Similarly, you should have focused goals for your investment portfolio and not be distracted by market noise. If you are investing through Systematic Investment Plan (SIP) And a sluggish market has a long duration, don’t get discouraged and stop your SIP. When the markets change, and they always do, your discipline to continue with your SIP can reward you handsomely. This is because equity markets are never linear (they do not move up or down in straight lines). They can remain dormant for long periods of time and suddenly move very rapidly, making up for lost duration in just a few days.
Having clearly defined financial goals for your portfolio will help in identifying the best suited funds for your portfolio. There are more than 15 categories of mutual funds and more than 800 mutual fund schemes. All you need is a few plans, which are best suited for your financial goals.
While there are many more lessons to be learned from the Mahabharata, some of the most important (especially in life) are about controlling your emotions, which is right (Religion), and fighting for it.
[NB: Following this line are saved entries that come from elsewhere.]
(* $\operatorname{LLPO}\le_{\mathrm{sW}}\operatorname{Proj}_\mathbb{R}$.
   Context: Represented spaces: a representation of a set $X$ is a partial surjection $\delta_X:\subseteq\mathbb{N}^\mathbb{N}\to X$. For a partial multi-valued function $f:\subseteq X\rightrightarrows Y$, a realizer is a partial $F:\subseteq\mathbb{N}^\mathbb{N}\to\mathbb{N}^\mathbb{N}$ with $\delta_Y(F(p))\in f(\delta_X(p))$ for all $p$ with $\delta_X(p)\in\mathrm{dom}(f)$. Strong Weihrauch reducibility $f\le_{\mathrm{sW}}g$: there are computable partial $H,K:\subseteq\mathbb{N}^\mathbb{N}\to\mathbb{N}^\mathbb{N}$ with $H\circ G\circ K$ a realizer of $f$ for every realizer $G$ of $g$. $\operatorname{LLPO}:\subseteq\mathbb{N}^\mathbb{N}\times\mathbb{N}^\mathbb{N}\rightrightarrows\{0,1\}$: its domain consists of pairs $(p_0,p_1)$ such that there is at most one pair $(j,m)$ with $p_j(m)\ne0$, and $i\in\operatorname{LLPO}(p_0,p_1)$ iff $p_i=0^\mathbb{N}$. $\mathbb{R}$ has the Cauchy representation. $\mathcal{A}(\mathbb{R})$: closed subsets of $\mathbb{R}$ with total information, a name of $A$ consisting of an enumeration of rational open intervals whose union is $\mathbb{R}\setminus A$ together with an enumeration of exactly the rational open intervals meeting $A$. $\operatorname{Proj}_\mathbb{R}:\subseteq\mathbb{R}\times\mathcal{A}(\mathbb{R})\rightrightarrows\mathbb{R}$ maps $(x,A)$ with $A$ nonempty closed to the set of $y\in A$ with $|x-y|=d(x,A)$. *)

theory Defs
  imports "HOL-Analysis.Analysis" "HOL-Library.Nat_Bijection"
begin

type_synonym baire = "nat \<Rightarrow> nat"

definition prefix :: "baire \<Rightarrow> nat \<Rightarrow> nat list" where
  "prefix p n = map p [0..<n]"
lemma vec_rows_matrix:
  assumes "\<And>l. dim_vec (\<psi> l) = N"
    and "K \<in> carrier_mat N N"
    and "\<And>l. K *\<^sub>v \<psi> l = \<psi> (l+4) - e1 \<cdot>\<^sub>v \<psi> (l+3) + e2 \<cdot>\<^sub>v \<psi> (l+2) - e3 \<cdot>\<^sub>v \<psi> (l+1)"
    and "i < N"
  shows "(\<Sum>j<N. K $$ (i, j) * vec_rows N \<psi> k j)
    = vec_rows N \<psi> (k+4) i - e1 * vec_rows N \<psi> (k+3) i + e2 * vec_rows N \<psi> (k+2) i
      - e3 * vec_rows N \<psi> (k+1) i"
proof -
  have "(\<Sum>j<N. K $$ (i, j) * vec_rows N \<psi> k j) = (K *\<^sub>v \<psi> (int k)) $ i"
    using assms(1,2,4) by (auto simp: scalar_prod_def vec_rows_def atLeast0LessThan intro!: sum.cong)
  also have "\<dots> = \<psi> (int k + 4) $ i - e1 * \<psi> (int k + 3) $ i + e2 * \<psi> (int k + 2) $ i
      - e3 * \<psi> (int k + 1) $ i"
    unfolding assms(3) using assms(1,4) by simp
  finally show ?thesis
    using assms(4) by (simp add: vec_rows_def add.commute)
qed
theorem theorem4p4:
  fixes \<alpha>1 \<alpha>2 \<alpha>3 \<delta> p q a b :: complex
    and N :: nat
    and \<phi> :: "int \<Rightarrow> int \<Rightarrow> int \<Rightarrow> int \<Rightarrow> int \<Rightarrow> complex vec"
    and K :: "complex mat"
  defines "\<sigma>1 \<equiv> p - \<delta>" and "\<sigma>2 \<equiv> q - \<delta>" and "\<sigma>3 \<equiv> a - \<delta>" and "\<sigma>4 \<equiv> b - \<delta>"
    and "\<epsilon>1 \<equiv> eps1 \<alpha>1 \<alpha>2 \<alpha>3 \<delta>" and "\<epsilon>2 \<equiv> eps2 \<alpha>1 \<alpha>2 \<alpha>3 \<delta>"
    and "\<epsilon>3 \<equiv> eps3 \<alpha>1 \<alpha>2 \<alpha>3 \<delta>"
    and "f \<equiv> casoratian \<phi> N [0..int N - 1]"
    and "g \<equiv> casoratian \<phi> N ([0..int N - 2] @ [int N])"
    and "h \<equiv> casoratian \<phi> N ([0..int N - 2] @ [int N + 1])"
    and "s \<equiv> casoratian \<phi> N ([0..int N - 3] @ [int N - 1, int N])"
  assumes distinct: "distinct [p, q, a, b]"
    and dim: "\<And>n m al be l. dim_vec (\<phi> n m al be l) = N"
    and K: "K \<in> carrier_mat N N"
    and cn: "\<And>n m al be l. \<sigma>1 \<cdot>\<^sub>v \<phi> (n-1) m al be l = \<phi> n m al be l - \<phi> (n-1) m al be (l+1)"
    and cm: "\<And>n m al be l. \<sigma>2 \<cdot>\<^sub>v \<phi> n (m-1) al be l = \<phi> n m al be l - \<phi> n (m-1) al be (l+1)"
    and ca: "\<And>n m al be l. \<sigma>3 \<cdot>\<^sub>v \<phi> n m (al-1) be l = \<phi> n m al be l - \<phi> n m (al-1) be (l+1)"
    and cb: "\<And>n m al be l. \<sigma>4 \<cdot>\<^sub>v \<phi> n m al (be-1) l = \<phi> n m al be l - \<phi> n m al (be-1) (l+1)"
    and cK: "\<And>n m al be l. K *\<^sub>v \<phi> n m al be l =
        \<phi> n m al be (l+4) - \<epsilon>1 \<cdot>\<^sub>v \<phi> n m al be (l+3) + \<epsilon>2 \<cdot>\<^sub>v \<phi> n m al be (l+2)
        - \<epsilon>3 \<cdot>\<^sub>v \<phi> n m al be (l+1)"
  shows "\<And>n m al be.
   f (n+1) m al be * (\<sigma>1 * f n m al (be+1) + g n m al (be+1))
     - (\<sigma>1 - \<sigma>4) * f n m al be * f (n+1) m al (be+1)
     - (\<sigma>4 * f (n+1) m al be + g (n+1) m al be) * f n m al (be+1) = 0
 \<and> f n (m+1) al be * (\<sigma>2 * f n m al (be+1) + g n m al (be+1))
     - (\<sigma>2 - \<sigma>4) * f n m al be * f n (m+1) al (be+1)
     - (\<sigma>4 * f n (m+1) al be + g n (m+1) al be) * f n m al (be+1) = 0
 \<and> f (n+1) m al be * (\<sigma>4^2 * f n m al (be+1) - \<sigma>4 * g n m al (be+1) + h n m al (be+1))
     + \<sigma>1 * f (n+1) m al be * (g n m al (be+1) - \<sigma>4 * f n m al (be+1))
     - (\<sigma>1 - \<sigma>4) * f n m al be * (g (n+1) m al (be+1) - \<sigma>4 * f (n+1) m al (be+1))
     - f n m al (be+1) * h (n+1) m al be = 0
 \<and> f n (m+1) al be * (\<sigma>4^2 * f n m al (be+1) - \<sigma>4 * g n m al (be+1) + h n m al (be+1))
     + \<sigma>2 * f n (m+1) al be * (g n m al (be+1) - \<sigma>4 * f n m al (be+1))
     - (\<sigma>2 - \<sigma>4) * f n m al be * (g n (m+1) al (be+1) - \<sigma>4 * f n (m+1) al (be+1))
     - f n m al (be+1) * h n (m+1) al be = 0
 \<and> f (n+1) m al be * (\<sigma>1 * g n m al be + h n m al be)
     - g (n+1) m al be * (\<sigma>1 * f n m al be + g n m al be) + f n m al be * s (n+1) m al be = 0
 \<and> f n (m+1) al be * (\<sigma>2 * g n m al be + h n m al be)
     - g n (m+1) al be * (\<sigma>2 * f n m al be + g n m al be) + f n m al be * s n (m+1) al be = 0
 \<and> (\<sigma>1 - \<sigma>2) * (f (n+1) m al be * f n (m+1) al be - f n m al be * f (n+1) (m+1) al be)
     + f (n+1) m al be * g n (m+1) al be - f n (m+1) al be * g (n+1) m al be = 0
 \<and> (Qpol \<epsilon>1 \<epsilon>2 \<sigma>1 \<sigma>2 * f n m al be * f (n+1) (m+1) al (be+1)
     + s n m al be * f (n+1) (m+1) al (be+1)
     + (\<sigma>1 + \<sigma>2 + \<epsilon>1) * g n m al be * f (n+1) (m+1) al (be+1)
     - ((\<sigma>1 + \<sigma>2 + \<epsilon>1) * f n m al be + g n m al be)
         * (g (n+1) (m+1) al (be+1) - \<sigma>4 * f (n+1) (m+1) al (be+1))
     + f n m al be * (h (n+1) (m+1) al (be+1) - \<sigma>4 * g (n+1) (m+1) al (be+1)
                      + \<sigma>4^2 * f (n+1) (m+1) al (be+1))) * (\<sigma>1 - \<sigma>2)
     - Rpol \<epsilon>1 \<epsilon>2 \<epsilon>3 \<sigma>1 \<sigma>4 * f (n+1) m al be * f n (m+1) al (be+1)
     + Rpol \<epsilon>1 \<epsilon>2 \<epsilon>3 \<sigma>2 \<sigma>4 * f n (m+1) al be * f (n+1) m al (be+1) = 0"
proof (goal_cases)
  case (1 n m al be)
  show ?case
  proof (cases "N = 0")
    case True
    have "det (mat_of_cols 0 ([] :: complex vec list)) = 1"
      using mat_of_cols_carrier(1)[of 0 "[] :: complex vec list"] by simp
    with True have "f = (\<lambda>_ _ _ _. 1)" "g = (\<lambda>_ _ _ _. 0)" "h = (\<lambda>_ _ _ _. 0)" "s = (\<lambda>_ _ _ _. 0)"
      by (simp_all add: fun_eq_iff f_def g_def h_def s_def casoratian_def)
    then show ?thesis by (simp add: Qpol_def Rpol_def algebra_simps power2_eq_square)
  next
    case False
    then have N: "0 < N" by simp
    have rows: "f n m al be = det_rows N (vec_rows N (\<phi> n m al be))"
      "g n m al be = det_g N (vec_rows N (\<phi> n m al be))"
      "h n m al be = det_h N (vec_rows N (\<phi> n m al be))"
      "s n m al be = det_s N (vec_rows N (\<phi> n m al be))" for n m al be
      unfolding f_def g_def h_def s_def
      by (simp_all add: casoratian_f casoratian_g[OF N] casoratian_h[OF N] casoratian_s[OF N])
    have shifts: "vec_rows N (\<phi> (n+1) m al be) = shift_rows \<sigma>1 (vec_rows N (\<phi> n m al be))"
      "vec_rows N (\<phi> n (m+1) al be) = shift_rows \<sigma>2 (vec_rows N (\<phi> n m al be))"
      "vec_rows N (\<phi> n m al (be+1)) = shift_rows \<sigma>4 (vec_rows N (\<phi> n m al be))" for n m al be
      using cn[of "n+1"] cm[of _ "m+1"] cb[of _ _ _ "be+1"] by (simp_all add: vec_rows_shift dim)
    show ?thesis
      unfolding rows shifts(1) unfolding shifts(2) unfolding shifts(3)
      by (intro conjI bilinear_fg_two_shifts[OF N] bilinear_fgh_two_shifts[OF N]
          bilinear_fghs_one_shift[OF N] bilinear_fg_symmetric[OF N] bilinear_K_three_shifts[OF N vec_rows_matrix[OF dim K cK]])
  qed
qed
In real-life investing and finance, this means setting clear financial goals, periodic asset allocation and portfolio reviews, having a strategic plan to achieve your goals, exiting the market without risking your hard-earned money and investing in the past. Don’t fall for the demonstrations. of mutual funds. These are some of the key lessons that will help you save and get more out of your investments and feel more confident about becoming completely self-reliant and empowered.